Work instruction:
Since only part of the records is wanted, repeat exactly the lines from the one containing "are independent (similarly" through the last line, both included.

##### Provided records #####

(* Let $l>0$, $h=ld^{-1/2}$, and let $(X_t,Y_t)$ be a pair of RWM chains targeting $\mathcal{N}_d(0,I_d)$ under any Markovian coupling. Conditional on $\frac1d(\lVert X_t\rVert^2,\lVert Y_t\rVert^2,X_t^\top Y_t)=(x,y,v)$, $$\lim_{d\to\infty}\mathbb{E}\big[hY_t^\top Z_xB_x\big]=-vl^2e^{l^2(x-1)/2}\Phi\big(l/(2x^{1/2})-lx^{1/2}\big),\qquad \lim_{d\to\infty}\mathbb{E}\big[hX_t^\top Z_yB_y\big]=-vl^2e^{l^2(y-1)/2}\Phi\big(l/(2y^{1/2})-ly^{1/2}\big).$$ Moreover, both convergences are uniform over $(x,y,v)\in\mathcal{S}(X,Y)$, for every fixed $X,Y>0$.
   Context: RWM updates: $X_{t+1}=X_t+hZ_xB_x$, $Y_{t+1}=Y_t+hZ_yB_y$ with $B_x=\mathbb{1}\{U_x\le\exp(-hX_t^\top Z_x-h^2\lVert Z_x\rVert^2/2)\}$, $B_y=\mathbb{1}\{U_y\le\exp(-hY_t^\top Z_y-h^2\lVert Z_y\rVert^2/2)\}$, where $Z_x\sim\mathcal{N}_d(0,I_d)$ and $U_x\sim\mathrm{Unif}(0,1)$ are independent (similarly $Z_y,U_y$). $\Phi$ is the standard normal cdf. $\mathcal{S}(X,Y)=\{(x,y,v):x\in[0,X],y\in[0,Y],|v|\le\sqrt{xy}\}$. *)

theory Defs
  imports "HOL-Probability.Probability"
begin

text \<open>Vectors of R^d are represented as functions nat => real, only the
coordinates i < d being relevant.\<close>

definition innerd :: "nat \<Rightarrow> (nat \<Rightarrow> real) \<Rightarrow> (nat \<Rightarrow> real) \<Rightarrow> real" where
  "innerd d a b = (\<Sum>i<d. a i * b i)"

#####

Task result:
   Context: RWM updates: $X_{t+1}=X_t+hZ_xB_x$, $Y_{t+1}=Y_t+hZ_yB_y$ with $B_x=\mathbb{1}\{U_x\le\exp(-hX_t^\top Z_x-h^2\lVert Z_x\rVert^2/2)\}$, $B_y=\mathbb{1}\{U_y\le\exp(-hY_t^\top Z_y-h^2\lVert Z_y\rVert^2/2)\}$, where $Z_x\sim\mathcal{N}_d(0,I_d)$ and $U_x\sim\mathrm{Unif}(0,1)$ are independent (similarly $Z_y,U_y$). $\Phi$ is the standard normal cdf. $\mathcal{S}(X,Y)=\{(x,y,v):x\in[0,X],y\in[0,Y],|v|\le\sqrt{xy}\}$. *)

theory Defs
  imports "HOL-Probability.Probability"
begin

text \<open>Vectors of R^d are represented as functions nat => real, only the
coordinates i < d being relevant.\<close>

definition innerd :: "nat \<Rightarrow> (nat \<Rightarrow> real) \<Rightarrow> (nat \<Rightarrow> real) \<Rightarrow> real" where
  "innerd d a b = (\<Sum>i<d. a i * b i)"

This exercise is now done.